(Collected data entries)
*** Begin section ***
lemma cell_integral_le_diagonal:
  assumes B[measurable]: "B \<in> sets borel" and "B \<subseteq> {0..1}"
    and diameter: "\<And>a a'. a \<in> B \<Longrightarrow> a' \<in> B \<Longrightarrow> \<bar>a - a'\<bar> \<le> \<delta>"
  shows "(\<integral>p. indicator (B \<times> \<Theta>) p * W (fst p) (snd p) \<partial>\<rho>)
           \<le> (\<integral>p. indicator (B \<times> \<Theta>) p * W (snd p) (snd p) \<partial>\<rho>) + M * \<delta> * measure \<rho> (B \<times> \<Theta>)"
    (is "?A \<le> ?D + M * \<delta> * ?m")
proof -
  define E where "E = B \<times> \<Theta>"
  have E[measurable]: "E \<in> sets \<rho>"
    unfolding E_def by measurable
  have in_E: "fst p \<in> B" "snd p \<in> \<Theta>" if "p \<in> E" for p
    using that unfolding E_def by auto
  have int_A: "integrable \<rho> (\<lambda>p. indicator E p * W (fst p) (snd p))"
    using W_bounded by (intro integrable_indicator_mult[where C=K]) auto
  have int_E: "integrable \<rho> (indicator E :: _ \<Rightarrow> real)"
    using integrable_indicator_mult[OF E, of "\<lambda>_. 1" 1] by simp
  have abs_A: "\<bar>?A\<bar> \<le> K * ?m" and abs_D: "\<bar>?D\<bar> \<le> K * ?m"
    using W_bounded by (intro abs_integral_indicator_mult_le; simp)+
  have inner: "indicator E p * (?m * (W (fst p) (snd p) - M * \<delta>))
      \<le> indicator E p * (\<integral>q. indicator E q * W (snd q) (snd p) \<partial>\<rho>)" for p
    using cell_integral_above_tangent[OF B \<open>B \<subseteq> {0..1}\<close> diameter, of "fst p" "snd p"] in_E[of p]
    by (auto simp: E_def mult.commute split: split_indicator)
  have "?m * ?A - ?m * M * \<delta> * ?m
      = (\<integral>p. ?m * (indicator E p * W (fst p) (snd p)) - (?m * M * \<delta>) * indicator E p \<partial>\<rho>)"
    using int_A int_E by (subst Bochner_Integration.integral_diff) (auto simp: E_def)
  also have "\<dots> \<le> (\<integral>p. indicator E p * (\<integral>q. indicator E q * W (snd q) (snd p) \<partial>\<rho>) \<partial>\<rho>)"
  proof (rule integral_mono)
    show "integrable \<rho> (\<lambda>p. ?m * (indicator E p * W (fst p) (snd p)) - (?m * M * \<delta>) * indicator E p)"
      using int_A int_E by simp
    show "?m * (indicator E p * W (fst p) (snd p)) - (?m * M * \<delta>) * indicator E p
        \<le> indicator E p * (\<integral>q. indicator E q * W (snd q) (snd p) \<partial>\<rho>)" for p
      using inner[of p] by (simp add: algebra_simps)
    have "\<bar>\<integral>q. indicator E q * W (snd q) \<theta> \<partial>\<rho>\<bar> \<le> K * ?m" for \<theta>
      using W_bounded unfolding E_def by (intro abs_integral_indicator_mult_le) auto
    then show "integrable \<rho> (\<lambda>p. indicator E p * (\<integral>q. indicator E q * W (snd q) (snd p) \<partial>\<rho>))"
      by (intro integrable_indicator_mult[where C="K * ?m"]) auto
  qed
  also have "\<dots> \<le> ?m * ?D"
    using double_integral_le_diagonal[OF E, of "\<lambda>p q. W (snd q) (snd p)" K] W_bounded
      swap_le_diagonal in_E
    by (simp add: E_def add.commute)
  finally have "?m * ?A \<le> ?m * (?D + M * \<delta> * ?m)"
    by (simp add: algebra_simps)
  moreover have "?m = 0 \<Longrightarrow> ?A \<le> ?D"
    using abs_A abs_D by simp
  ultimately show ?thesis
    using measure_nonneg[of \<rho> "B \<times> \<Theta>"] by (cases "?m = 0") (auto simp: mult_le_cancel_left_pos)
qed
*** End section ***
# Exercise instructions
All lines above from the one holding "(\<integral>p. ?m *" to the one holding "using int_A int_E by (subst", inclusive, are to be copied exactly; no other line is wanted.

# Response for this exercise
      = (\<integral>p. ?m * (indicator E p * W (fst p) (snd p)) - (?m * M * \<delta>) * indicator E p \<partial>\<rho>)"
    using int_A int_E by (subst Bochner_Integration.integral_diff) (auto simp: E_def)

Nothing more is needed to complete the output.